Ignoring the smokebomb about "did you read" (yes i did, still your sentence indicates something else, and ignores basic facts about how things are inherited and things are changed).

#1 Yes threads can call putenv, setenv. How is that possible with your solution ? You can just edit two objects, which is then altering the *same* environment, is that a model of the realitiy ? No. Is that obvious No. So my thinking about that: Bad API.

#2 You can customize objects, by:

  • duplicating the proc_env object, doing your change, passing it in.
  • just creating a env object, apply your change, passing it in.

This disucssion meanwhile have spread with the same arguments over 3 revisions and 1 task. I would really appreciate, if you would keep it in one place, and read my replies.

bu5hm4n updated this revision to Diff 18960.Jan 28 2019, 6:37 AM

remove tuple

cedric requested changes to this revision.Jan 28 2019, 10:04 AM

I am pretty sure @segfaultxavi would complain to about the lack of documentation ;-)

src/lib/ecore/efl_exe.eo
45

Please add some documentation for the env property here too.

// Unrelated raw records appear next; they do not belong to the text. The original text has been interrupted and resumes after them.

lemma optimum_max_face:
  assumes E: "finite E" and trans: "\<forall>B\<in>M. transversal E B" and "M \<noteq> {}"
    and short: "short_edges E M" and a: "index a \<in> E"
    and s0: "s (index a) = 0" and s1: "\<And>j. \<bar>s j\<bar> \<le> 1"
  shows "optimum E s (max_face E M a)
    = optimum E (\<lambda>j. s j + weight {a} j) M - optimum E (weight {a}) M"
proof -
  let ?M' = "max_face E M a" and ?f = "\<lambda>j. s j + weight {a} j"
  have finM: "finite M"
    using finite_transversals[OF E trans] .
  have finM': "finite ?M'"
    using finite_subset[OF maximizers_subset finM] unfolding max_face_def .
  have "?M' \<noteq> {}"
    unfolding max_face_def by (rule maximizers_nonempty[OF finM \<open>M \<noteq> {}\<close>])
  then obtain y where y: "y \<in> maximizers E s ?M'"
    using maximizers_nonempty[OF finM'] by blast
  then have "y \<in> maximizers E ?f M"
    using maximizers_max_face_subset[where s = s, OF E trans short a s0 s1] by blast
  then have "optimum E ?f M = objective E ?f y"
    by (rule optimum_eq_objective[OF finM])
  also have "\<dots> = objective E s y + objective E (weight {a}) y"
    by (rule objective_add)
  also have "objective E s y = optimum E s ?M'"
    using optimum_eq_objective[OF finM' y] ..
  also have "objective E (weight {a}) y = optimum E (weight {a}) M"
  proof -
    have "y \<in> maximizers E (weight {a}) M"
      using y maximizers_subset unfolding max_face_def by blast
    then show ?thesis
      by (rule optimum_eq_objective[OF finM, symmetric])
  qed
  finally show ?thesis
    by simp
qed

This revision now requires changes to proceed.Jan 28 2019, 10:04 AM
bu5hm4n updated this revision to Diff 19013.Jan 29 2019, 8:59 AM

rebase & fixup

zmike requested changes to this revision.Jan 31 2019, 5:55 AM

Minor changes needed.

src/lib/ecore/efl_exe.c
194

Nice catch, crucial for performance reasons.

src/lib/ecore/efl_exe.eo
45

This needs to be resolved.

This revision now requires changes to proceed.Jan 31 2019, 5:55 AM

Please apply this patch locally, your review comments do not apply to the state that you get when you apply the patch.

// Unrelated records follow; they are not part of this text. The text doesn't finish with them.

(* Let $1<p<\lambda<\infty$ and $1<r<\mu<\infty$ with $\lambda<\mu$ and $\frac r\mu>\frac p\lambda$, and let $1\le\kappa,\nu\le\infty$. Let $\alpha\in(0,n/\lambda)$ be given by $\frac\alpha n=\frac1\lambda-\frac1\mu$. Then $M_\alpha$ does not map $\mathcal M^{\lambda}_{p\kappa}(\mathbb R^n)$ continuously into $\mathcal M^{\mu}_{r\nu}(\mathbb R^n)$; i.e. there is no constant $C$ with $\|M_\alpha f\|_{\mathcal M^{\mu}_{r\nu}}\le C\|f\|_{\mathcal M^{\lambda}_{p\kappa}}$ for all $f\in\mathcal M^{\lambda}_{p\kappa}(\mathbb R^n)$.
   Context: Lorentz spaces: for measurable $\Omega$, $d_f(s)=|\{x\in\Omega:|f(x)|>s\}|$, $f^*(t)=\inf\{s>0:d_f(s)\le t\}$; for $d<\infty$, $\|f\|_{L^{pd}(\Omega)}=\big(\frac dp\int_0^{|\Omega|}[t^{1/p}f^*(t)]^d\frac{dt}{t}\big)^{1/d}$; $\|f\|_{L^{p\infty}(\Omega)}=\sup_tt^{1/p}f^*(t)$. Morrey–Lorentz spaces: $\|f\|_{\mathcal M^{\lambda}_{q\kappa}(\Omega)}:=\sup_{Q}|Q|^{\frac1\lambda-\frac1q}\|f\|_{L^{q\kappa}(Q)}$ over $Q=B\cap\Omega$, $B$ a ball. Fractional maximal function: $(M_\alpha f)(x)=\sup_{B\ni x}|B|^{\alpha/n}\frac1{|B|}\int_B|f|$, sup over balls containing $x$. *)

theory Defs
  imports "HOL-Analysis.Analysis"
begin

definition epow :: "ennreal \<Rightarrow> real \<Rightarrow> ennreal" where
  "epow x d = (if x = top then top else ennreal (enn2real x powr d))"

text \<open>Distribution function d_g(s) = |{x in Omega. |g x| > s}| (g given as the
  nonnegative, possibly infinite, function |f|).\<close>
definition distrib_fun :: "'a::euclidean_space set \<Rightarrow> ('a \<Rightarrow> ennreal) \<Rightarrow> real \<Rightarrow> ennreal" where
  "distrib_fun \<Omega> g s = emeasure lebesgue {x \<in> \<Omega>. g x > ennreal s}"

definition rearr :: "'a::euclidean_space set \<Rightarrow> ('a \<Rightarrow> ennreal) \<Rightarrow> real \<Rightarrow> ennreal" where
  "rearr \<Omega> g t = (INF s \<in> {s::real. s > 0 \<and> distrib_fun \<Omega> g s \<le> ennreal t}. ennreal s)"

text \<open>Lorentz (quasi)norm of L^{p d}(Omega); d = top encodes d = infinity.\<close>
definition lorentz_norm :: "'a::euclidean_space set \<Rightarrow> real \<Rightarrow> ennreal \<Rightarrow> ('a \<Rightarrow> ennreal) \<Rightarrow> ennreal" where
  "lorentz_norm \<Omega> p d g =
    (if d = top then (SUP t \<in> {0<..}. ennreal (t powr (1/p)) * rearr \<Omega> g t)
     else epow (ennreal (enn2real d / p) *
            (\<integral>\<^sup>+ t. indicator {t. 0 < t \<and> ennreal t < emeasure lebesgue \<Omega>} t *
                 (epow (ennreal (t powr (1/p)) * rearr \<Omega> g t) (enn2real d) * ennreal (1 / t)) \<partial>lborel))
          (1 / enn2real d))"

definition morrey_lorentz_norm :: "'a::euclidean_space set \<Rightarrow> real \<Rightarrow> real \<Rightarrow> ennreal \<Rightarrow> ('a \<Rightarrow> ennreal) \<Rightarrow> ennreal" where
  "morrey_lorentz_norm \<Omega> lam q \<kappa> g =
    (SUP (c, r) \<in> UNIV \<times> {0<..}.
       ennreal (measure lebesgue (ball c r \<inter> \<Omega>) powr (1/lam - 1/q)) *
       lorentz_norm (ball c r \<inter> \<Omega>) q \<kappa> g)"

definition frac_max :: "real \<Rightarrow> ('a::euclidean_space \<Rightarrow> real) \<Rightarrow> 'a \<Rightarrow> ennreal" where
  "frac_max \<alpha> f x =
    (SUP (c, r) \<in> {(c, r). 0 < r \<and> x \<in> ball c r}.
       ennreal (measure lebesgue (ball c r) powr (\<alpha> / real DIM('a) - 1)) *
       (\<integral>\<^sup>+ y \<in> ball c r. ennreal \<bar>f y\<bar> \<partial>lebesgue))"

end

theory Submission
  imports Defs
begin

text \<open>The test functions are indicators of \<open>N^n\<close> cubes of side \<open>\<delta> = N^(-b)\<close>, \<open>b = \<lambda>/(\<lambda> - p)\<close>,
  sitting at the points of the grid \<open>(1/N)\<int>^n \<inter> [0,1)^n\<close>. A ball of radius \<open>R\<close> meets at most
  \<open>(5 max(1, RN))^n\<close> of them, so the Morrey--Lorentz norm of order \<open>(\<lambda>, p)\<close> is at most a multiple
  of \<open>\<delta>^(n/\<lambda>) + (N\<delta>)^(n/p)\<close>; the choice of \<open>b\<close> balances the two terms at \<open>N^(-n/(\<lambda>-p))\<close>.
  On the other hand every cube fills a fixed fraction of a ball of radius \<open>n\<delta>\<close>, so
  \<open>M\<^sub>\<alpha> f \<ge> c \<delta>^\<alpha>\<close> on the whole array, and the Morrey--Lorentz norm of order \<open>(\<mu>, r)\<close>, tested
  on one fixed ball, is at least a multiple of \<open>\<delta>^\<alpha> (N\<delta>)^(n/r)\<close>. The quotient grows like \<open>N^w\<close>
  with \<open>w = n (\<lambda>/\<mu> - p/r) / (\<lambda> - p)\<close>, which is positive exactly when \<open>r/\<mu> > p/\<lambda>\<close>.\<close>

section \<open>Lorentz norms\<close>

lemma epow_mono: "x \<le> y \<Longrightarrow> 0 \<le> d \<Longrightarrow> epow x d \<le> epow y d"
  unfolding epow_def
  by (cases "y = top"; cases "x = top")
     (auto simp: top_unique less_top intro!: ennreal_leI powr_mono2 enn2real_mono)

lemma epow_ennreal: "0 \<le> a \<Longrightarrow> epow (ennreal a) d = ennreal (a powr d)"
  by (simp add: epow_def)

lemma ennreal_ge_1_finiteE:
  assumes "1 \<le> d" "d \<noteq> top"
  obtains d' where "d = ennreal d'" "1 \<le> d'"
proof
  show "d = ennreal (enn2real d)" using assms(2) by (simp add: less_top)
  show "1 \<le> enn2real d" using enn2real_mono[OF assms(1)] assms(2) by (simp add: less_top)
qed

definition lorentz_integrand :: "'a::euclidean_space set \<Rightarrow> real \<Rightarrow> real \<Rightarrow> ('a \<Rightarrow> ennreal) \<Rightarrow> real \<Rightarrow> ennreal"
  where "lorentz_integrand \<Omega> p d g t = indicator {t. 0 < t \<and> ennreal t < emeasure lebesgue \<Omega>} t *
    (epow (ennreal (t powr (1/p)) * rearr \<Omega> g t) d * ennreal (1 / t))"

lemma lorentz_norm_ennreal:
  "0 \<le> d \<Longrightarrow> lorentz_norm \<Omega> p (ennreal d) g
    = epow (ennreal (d / p) * (\<integral>\<^sup>+ t. lorentz_integrand \<Omega> p d g t \<partial>lborel)) (1 / d)"
  by (simp add: lorentz_norm_def lorentz_integrand_def)

lemma lorentz_norm_top:
  "lorentz_norm \<Omega> p top g = (SUP t \<in> {0<..}. ennreal (t powr (1/p)) * rearr \<Omega> g t)"
  by (simp add: lorentz_norm_def)

lemma distrib_fun_indicator:
  fixes F \<Omega> :: "'a::euclidean_space set"
  shows "distrib_fun \<Omega> (\<lambda>x. ennreal (indicator F x)) s =
     (if s < 1 then emeasure lebesgue (\<Omega> \<inter> F) else 0)"
proof -
  have "{x \<in> \<Omega>. ennreal (indicator F x) > ennreal s} = (if s < 1 then \<Omega> \<inter> F else {})"
    by (auto simp: indicator_def ennreal_less_iff ennreal_lessI split: if_splits)
  then show ?thesis unfolding distrib_fun_def by simp
qed

lemma rearr_indicator_le:
  fixes F \<Omega> :: "'a::euclidean_space set"
  assumes m: "emeasure lebesgue (\<Omega> \<inter> F) = ennreal m"
  shows "rearr \<Omega> (\<lambda>x. ennreal (indicator F x)) t \<le> (if t < m then 1 else 0)"
proof (cases "t < m")
  case True
  have "rearr \<Omega> (\<lambda>x. ennreal (indicator F x)) t \<le> ennreal 1"
    unfolding rearr_def by (rule INF_lower) (auto simp: distrib_fun_indicator)
  with True show ?thesis by simp
next
  case False
  have "rearr \<Omega> (\<lambda>x. ennreal (indicator F x)) t \<le> 0"
  proof (rule ennreal_le_epsilon)
    fix e :: real assume "0 < e"
    have "rearr \<Omega> (\<lambda>x. ennreal (indicator F x)) t \<le> ennreal e"
      unfolding rearr_def
      by (rule INF_lower) (use \<open>0 < e\<close> False m in \<open>auto simp: distrib_fun_indicator intro!: ennreal_leI\<close>)
    then show "rearr \<Omega> (\<lambda>x. ennreal (indicator F x)) t \<le> 0 + ennreal e" by simp
  qed
  with False show ?thesis by simp
qed

lemma lorentz_integrand_indicator_le:
  fixes F \<Omega> :: "'a::euclidean_space set"
  assumes m: "emeasure lebesgue (\<Omega> \<inter> F) = ennreal m" and p: "0 < p" and d: "1 \<le> d"
  shows "lorentz_integrand \<Omega> p d (\<lambda>x. ennreal (indicator F x)) t \<le> ennreal (t powr (d/p - 1)) * indicator {0..m} t"
proof (cases "0 < t \<and> t < m")
  case True
  then have t: "0 < t" "t < m" by auto
  have "epow (ennreal (t powr (1/p)) * rearr \<Omega> (\<lambda>x. ennreal (indicator F x)) t) d
       \<le> epow (ennreal (t powr (1/p))) d"
    using rearr_indicator_le[OF m, of t] t d by (intro epow_mono) (auto intro: mult_left_le)
  also have "\<dots> = ennreal (t powr (d/p))"
    by (simp add: epow_ennreal powr_powr)
  finally have "epow (ennreal (t powr (1/p)) * rearr \<Omega> (\<lambda>x. ennreal (indicator F x)) t) d * ennreal (1 / t)
      \<le> ennreal (t powr (d/p)) * ennreal (1/t)" by (rule mult_right_mono) simp
  also have "\<dots> = ennreal (t powr (d/p - 1))"
    using t by (simp add: powr_diff ennreal_mult'[symmetric] divide_inverse)
  finally show ?thesis using t by (auto simp: lorentz_integrand_def indicator_def)
next
  case False
  moreover have "rearr \<Omega> (\<lambda>x. ennreal (indicator F x)) t = 0" if "m \<le> t"
    using rearr_indicator_le[OF m, of t] that by simp
  ultimately show ?thesis using d by (auto simp: lorentz_integrand_def indicator_def epow_def not_less)
qed

lemma lorentz_norm_indicator_le:
  fixes F \<Omega> :: "'a::euclidean_space set"
  assumes p: "0 < p" and d: "1 \<le> d" and m: "emeasure lebesgue (\<Omega> \<inter> F) = ennreal m" and m0: "0 \<le> m"
  shows "lorentz_norm \<Omega> p d (\<lambda>x. ennreal (indicator F x)) \<le> ennreal (m powr (1/p))"
proof (cases "d = top")
  case True
  have "ennreal (t powr (1/p)) * rearr \<Omega> (\<lambda>x. ennreal (indicator F x)) t \<le> ennreal (m powr (1/p))"
    if "t > 0" for t
  proof -
    have "ennreal (t powr (1/p)) * rearr \<Omega> (\<lambda>x. ennreal (indicator F x)) t
        \<le> ennreal (t powr (1/p)) * (if t < m then 1 else 0)"
      by (rule mult_left_mono[OF rearr_indicator_le[OF m]]) simp
    also have "\<dots> \<le> ennreal (m powr (1/p))"
      using that p by (auto intro!: ennreal_leI powr_mono2)
    finally show ?thesis .
  qed
  then show ?thesis using True by (auto simp: lorentz_norm_top intro!: SUP_least)
next
  case False
  obtain d' where d': "d = ennreal d'" "1 \<le> d'"
    using d False by (rule ennreal_ge_1_finiteE)
  have q: "0 < d'/p" using d' p by simp
  have "(\<integral>\<^sup>+ t. lorentz_integrand \<Omega> p d' (\<lambda>x. ennreal (indicator F x)) t \<partial>lborel)
      \<le> (\<integral>\<^sup>+ t. ennreal (t powr (d'/p - 1)) * indicator {0..m} t \<partial>lborel)"
    using lorentz_integrand_indicator_le[OF m p d'(2)] by (rule nn_integral_mono)
  also have "\<dots> = ennreal (m powr (d'/p) / (d'/p))"
    using nn_integral_has_integral_lebesgue'[OF _ has_integral_powr_from_0[of "d'/p - 1" m]] q m0
    by simp
  finally have "lorentz_norm \<Omega> p d (\<lambda>x. ennreal (indicator F x))
      \<le> epow (ennreal (d'/p) * ennreal (m powr (d'/p) / (d'/p))) (1/d')"
    using d' by (auto simp: lorentz_norm_ennreal intro!: epow_mono mult_left_mono)
  also have "\<dots> = ennreal (m powr (1/p))"
    using q p d' m0 by (simp add: ennreal_mult'[symmetric] epow_ennreal powr_powr)
  finally show ?thesis .
qed

lemma rearr_ge_of_lower_bound:
  fixes \<Omega> E :: "'a::euclidean_space set" and g :: "'a \<Rightarrow> ennreal"
  assumes EO: "E \<subseteq> \<Omega>" and e: "emeasure lebesgue E = ennreal e" and e0: "0 < e" and t: "t < e"
    and meas: "\<And>s. {x\<in>\<Omega>. g x > ennreal s} \<in> sets lebesgue"
    and ge: "\<And>x. x \<in> E \<Longrightarrow> ennreal c \<le> g x"
  shows "ennreal c \<le> rearr \<Omega> g t"
  unfolding rearr_def
proof (rule INF_greatest)
  fix s assume "s \<in> {s. 0 < s \<and> distrib_fun \<Omega> g s \<le> ennreal t}"
  then have s: "0 < s" "distrib_fun \<Omega> g s \<le> ennreal t" by auto
  show "ennreal c \<le> ennreal s"
  proof (rule ccontr)
    assume "\<not> ennreal c \<le> ennreal s"
    then have "ennreal s < ennreal c" by simp
    then have "E \<subseteq> {x\<in>\<Omega>. g x > ennreal s}"
      using EO ge by (auto intro: less_le_trans)
    then have "emeasure lebesgue E \<le> distrib_fun \<Omega> g s"
      unfolding distrib_fun_def by (rule emeasure_mono) (rule meas)
    with s e have "ennreal e \<le> ennreal t" by simp
    then show False using t e0 by (simp add: ennreal_le_iff2)
  qed
qed

lemma lorentz_integrand_ge:
  fixes \<Omega> :: "'a::euclidean_space set" and g :: "'a \<Rightarrow> ennreal"
  assumes rearr: "\<And>t. t < e \<Longrightarrow> ennreal c \<le> rearr \<Omega> g t"
    and e: "ennreal e \<le> emeasure lebesgue \<Omega>" and e0: "0 < e" and c: "0 < c"
    and r: "1 \<le> r" and d: "1 \<le> d"
  shows "ennreal (((e/2) powr (1/r) * c) powr d / e) * indicator {e/2<..<e} t \<le> lorentz_integrand \<Omega> r d g t"
proof (cases "t \<in> {e/2<..<e}")
  case False then show ?thesis by simp
next
  case True
  then have t: "e/2 < t" "t < e" "0 < t" using e0 by auto
  have tO: "ennreal t < emeasure lebesgue \<Omega>"
    using e e0 t by (meson ennreal_lessI order_less_le_trans)
  have "epow (ennreal ((e/2) powr (1/r) * c)) d \<le> epow (ennreal (t powr (1/r) * c)) d"
    using t c e0 r d by (intro epow_mono ennreal_leI mult_right_mono powr_mono2) auto
  also have "\<dots> \<le> epow (ennreal (t powr (1/r)) * rearr \<Omega> g t) d"
    using t c d by (intro epow_mono) (auto simp: ennreal_mult' intro!: mult_left_mono rearr)
  finally have "epow (ennreal ((e/2) powr (1/r) * c)) d \<le> epow (ennreal (t powr (1/r)) * rearr \<Omega> g t) d" .
  then have "ennreal (((e/2) powr (1/r) * c) powr d) \<le> epow (ennreal (t powr (1/r)) * rearr \<Omega> g t) d"
    using e0 c by (simp add: epow_ennreal)
  moreover have "ennreal (1/e) \<le> ennreal (1/t)"
    using t by (intro ennreal_leI) (simp add: frac_le)
  ultimately have "ennreal (((e/2) powr (1/r) * c) powr d) * ennreal (1/e)
      \<le> epow (ennreal (t powr (1/r)) * rearr \<Omega> g t) d * ennreal (1/t)"
    by (rule mult_mono) auto
  moreover have "ennreal (((e/2) powr (1/r) * c) powr d / e) = ennreal (((e/2) powr (1/r) * c) powr d) * ennreal (1/e)"
    using e0 ennreal_mult[of "((e/2) powr (1/r) * c) powr d" "1/e"] by simp
  ultimately show ?thesis using True tO by (simp add: lorentz_integrand_def indicator_def)
qed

bu5hm4n requested review of this revision.Feb 3 2019, 3:19 AM
bu5hm4n marked 2 inline comments as done.Feb 7 2019, 7:17 AM
zmike accepted this revision.Feb 11 2019, 9:06 AM
This revision was not accepted when it landed; it landed in state Needs Review.Feb 12 2019, 2:20 AM
Closed by commit rEFLc3d69f66a69c: efl_task: remove env from this object (authored by Marcel Hollerbach <mail@marcel-hollerbach.de>). · Explain Why
This revision was automatically updated to reflect the committed changes.